* Entries supplied
lemma linear_quadratic_nonneg_imp_zero:
  fixes D Q :: real
  assumes nonneg: "\<And>t. 0 \<le> t * D + t\<^sup>2 * Q"
  shows "D = 0"
proof -
  define u where "u = 1 / (\<bar>Q\<bar> + 1)"
  have u: "0 < u" "u * Q < 1"
    unfolding u_def by (auto simp: field_simps abs_if split: if_splits)
  have "0 \<le> (- D * u) * D + (- D * u)\<^sup>2 * Q" by (rule nonneg)
  also have "\<dots> = D\<^sup>2 * u * (u * Q - 1)" by (simp add: power2_eq_square algebra_simps)
  finally have nonneg_at_u: "0 \<le> D\<^sup>2 * (u * (u * Q - 1))" by (simp add: mult.assoc)
  show ?thesis
  proof (rule ccontr)
    assume "D \<noteq> 0"
    then have "D\<^sup>2 * (u * (u * Q - 1)) < 0" using u by (intro mult_pos_neg) auto
    then show False using nonneg_at_u by linarith
  qed
qed

lemma moment_objective_deriv_eq_0:
  assumes min: "\<And>b. moment_objective c n a \<le> moment_objective c n b" and k: "k \<in> {1..n}"
  shows "moment_objective_deriv c n a k = 0"
proof (rule linear_quadratic_nonneg_imp_zero)
  show "0 \<le> t * moment_objective_deriv c n a k + t\<^sup>2 * (\<integral>z. phi z * ((z ^ k)\<^sup>2 / 2) \<partial>lborel)" for t
    using min[of "a(k := a k + t)"] moment_objective_update_le[OF k, of c a t] by linarith
qed

lemma exists_moment_vanishing:
  assumes tail: "\<And>a. (\<integral>z. phi z * (indicator {c..} z * \<bar>moment_poly n a z\<bar>) \<partial>lborel)
      \<le> K * (\<integral>z. phi z * \<bar>moment_poly n a z\<bar> \<partial>lborel)"
    and K: "K < 1 / 2"
  shows "\<exists>g. g \<in> borel_measurable borel \<and> (\<forall>z. -1 \<le> g z \<and> g z \<le> 1) \<and> (\<forall>z. c \<le> z \<longrightarrow> g z = 1) \<and>
    (\<forall>k\<in>{1..n}. integrable std_normal (\<lambda>z. g z * z ^ k) \<and> (\<integral>z. g z * z ^ k \<partial>std_normal) = 0)"
proof -
  obtain \<delta> where \<delta>: "0 < \<delta>" "\<And>a. \<delta> * (\<Sum>k=1..n. \<bar>a k\<bar>) \<le> (\<integral>z. phi z * \<bar>moment_poly n a z\<bar> \<partial>lborel)"
    using moment_norm_ge_l1 by blast
  have D: "0 < (1 - 2 * K) * \<delta>" using K \<delta>(1) by simp
  have "(1 - 2 * K) * \<delta> * (\<Sum>k=1..n. \<bar>a k\<bar>) \<le> moment_objective c n a" for a
  proof -
    have "(1 - 2 * K) * \<delta> * (\<Sum>k=1..n. \<bar>a k\<bar>) \<le> (1 - 2 * K) * (\<integral>z. phi z * \<bar>moment_poly n a z\<bar> \<partial>lborel)"
      using mult_left_mono[OF \<delta>(2)[of a]] K by (simp add: mult.assoc)
    also have "\<dots> \<le> moment_objective c n a" by (rule moment_objective_ge[OF tail])
    finally show ?thesis .
  qed
  then obtain a where min: "\<And>b. moment_objective c n a \<le> moment_objective c n b"
    using continuous_coercive_attains_min[OF continuous_on_moment_objective moment_objective_cong D] by blast
  define g where "g z = (if c \<le> z then 1 else - soft_sgn (moment_poly n a z))" for z
  have g_meas [measurable]: "g \<in> borel_measurable borel" unfolding g_def by measurable
  have g_bounds: "-1 \<le> g z \<and> g z \<le> 1" for z
    using abs_soft_sgn_le[of "moment_poly n a z"] by (auto simp: g_def abs_le_iff)
  have g_top: "c \<le> z \<longrightarrow> g z = 1" for z by (simp add: g_def)
  have g_moments: "integrable std_normal (\<lambda>z. g z * z ^ k) \<and> (\<integral>z. g z * z ^ k \<partial>std_normal) = 0"
    if k: "k \<in> {1..n}" for k
  proof -
    have eq: "phi z * (g z * z ^ k) = - (phi z *
        (indicator {..<c} z * soft_sgn (moment_poly n a z) * z ^ k - indicator {c..} z * z ^ k))" for z
      by (simp add: g_def indicator_def)
    have meas: "(\<lambda>z. g z * z ^ k) \<in> borel_measurable borel" by measurable
    show ?thesis
      unfolding integrable_std_normal_iff[OF meas] integral_std_normal[OF meas] eq
      using integrable_moment_objective_deriv moment_objective_deriv_eq_0[OF min k]
      by (simp add: moment_objective_deriv_def)
  qed
  show ?thesis using g_meas g_bounds g_top g_moments by blast
qed

theorem lemma3p3:
  shows "\<exists>N::nat. \<forall>n\<ge>N. \<exists>g :: real \<Rightarrow> real.
           g \<in> borel_measurable borel \<and>
           (\<forall>z. -1 \<le> g z \<and> g z \<le> 1) \<and>
           (\<forall>z. z \<ge> Phi_inv (1 - 3 powi (- (2 * int n)) / 4) \<longrightarrow> g z = 1) \<and>
           (\<forall>k\<in>{1..n}. integrable std_normal (\<lambda>z. g z * z ^ k) \<and>
                        (\<integral>z. g z * z ^ k \<partial>std_normal) = 0)"
proof -
  have "\<forall>\<^sub>F n in sequentially. 3 * 0.94 ^ n < (1 / 2 :: real)" by real_asymp
  with Phi_inv_threshold_ge eventually_gt_at_top[of 0] show ?thesis
    unfolding eventually_sequentially[symmetric]
  proof eventually_elim
    case (elim n)
    define c where "c = Phi_inv (1 - 3 powi (- (2 * int n)) / 4)"
    have "1 \<le> sqrt (real n)" using elim by simp
    then have "0 < c" using elim unfolding c_def by linarith
    have "(2 * sqrt (real n))\<^sup>2 \<le> c\<^sup>2" using elim by (intro power_mono) (auto simp: c_def)
    then have "4 * real n \<le> c\<^sup>2" by (simp add: power_mult_distrib)
    then have K: "tail_const c n < 1 / 2" using tail_const_le[of n c] elim by simp
    have "(\<integral>z. phi z * (indicator {c..} z * \<bar>moment_poly n a z\<bar>) \<partial>lborel)
        \<le> tail_const c n * (\<integral>z. phi z * \<bar>moment_poly n a z\<bar> \<partial>lborel)" for a
      unfolding moment_poly_eq_poly using \<open>0 < c\<close> elim
      by (intro poly_tail_integral_le degree_moment_poly_le) auto
    then show ?case using K unfolding c_def[symmetric] by (rule exists_moment_vanishing)
  qed
qed

end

* Work to complete
Return, word for word, each line from the line that contains "by (simp add: g_def indicator_def)" to the end of the listing above; include both end lines and nothing else.

* Expected answer
      by (simp add: g_def indicator_def)
    have meas: "(\<lambda>z. g z * z ^ k) \<in> borel_measurable borel" by measurable
    show ?thesis
      unfolding integrable_std_normal_iff[OF meas] integral_std_normal[OF meas] eq
      using integrable_moment_objective_deriv moment_objective_deriv_eq_0[OF min k]
      by (simp add: moment_objective_deriv_def)
  qed
  show ?thesis using g_meas g_bounds g_top g_moments by blast
qed

theorem lemma3p3:
  shows "\<exists>N::nat. \<forall>n\<ge>N. \<exists>g :: real \<Rightarrow> real.
           g \<in> borel_measurable borel \<and>
           (\<forall>z. -1 \<le> g z \<and> g z \<le> 1) \<and>
           (\<forall>z. z \<ge> Phi_inv (1 - 3 powi (- (2 * int n)) / 4) \<longrightarrow> g z = 1) \<and>
           (\<forall>k\<in>{1..n}. integrable std_normal (\<lambda>z. g z * z ^ k) \<and>
                        (\<integral>z. g z * z ^ k \<partial>std_normal) = 0)"
proof -
  have "\<forall>\<^sub>F n in sequentially. 3 * 0.94 ^ n < (1 / 2 :: real)" by real_asymp
  with Phi_inv_threshold_ge eventually_gt_at_top[of 0] show ?thesis
    unfolding eventually_sequentially[symmetric]
  proof eventually_elim
    case (elim n)
    define c where "c = Phi_inv (1 - 3 powi (- (2 * int n)) / 4)"
    have "1 \<le> sqrt (real n)" using elim by simp
    then have "0 < c" using elim unfolding c_def by linarith
    have "(2 * sqrt (real n))\<^sup>2 \<le> c\<^sup>2" using elim by (intro power_mono) (auto simp: c_def)
    then have "4 * real n \<le> c\<^sup>2" by (simp add: power_mult_distrib)
    then have K: "tail_const c n < 1 / 2" using tail_const_le[of n c] elim by simp
    have "(\<integral>z. phi z * (indicator {c..} z * \<bar>moment_poly n a z\<bar>) \<partial>lborel)
        \<le> tail_const c n * (\<integral>z. phi z * \<bar>moment_poly n a z\<bar> \<partial>lborel)" for a
      unfolding moment_poly_eq_poly using \<open>0 < c\<close> elim
      by (intro poly_tail_integral_le degree_moment_poly_le) auto
    then show ?case using K unfolding c_def[symmetric] by (rule exists_moment_vanishing)
  qed
qed

end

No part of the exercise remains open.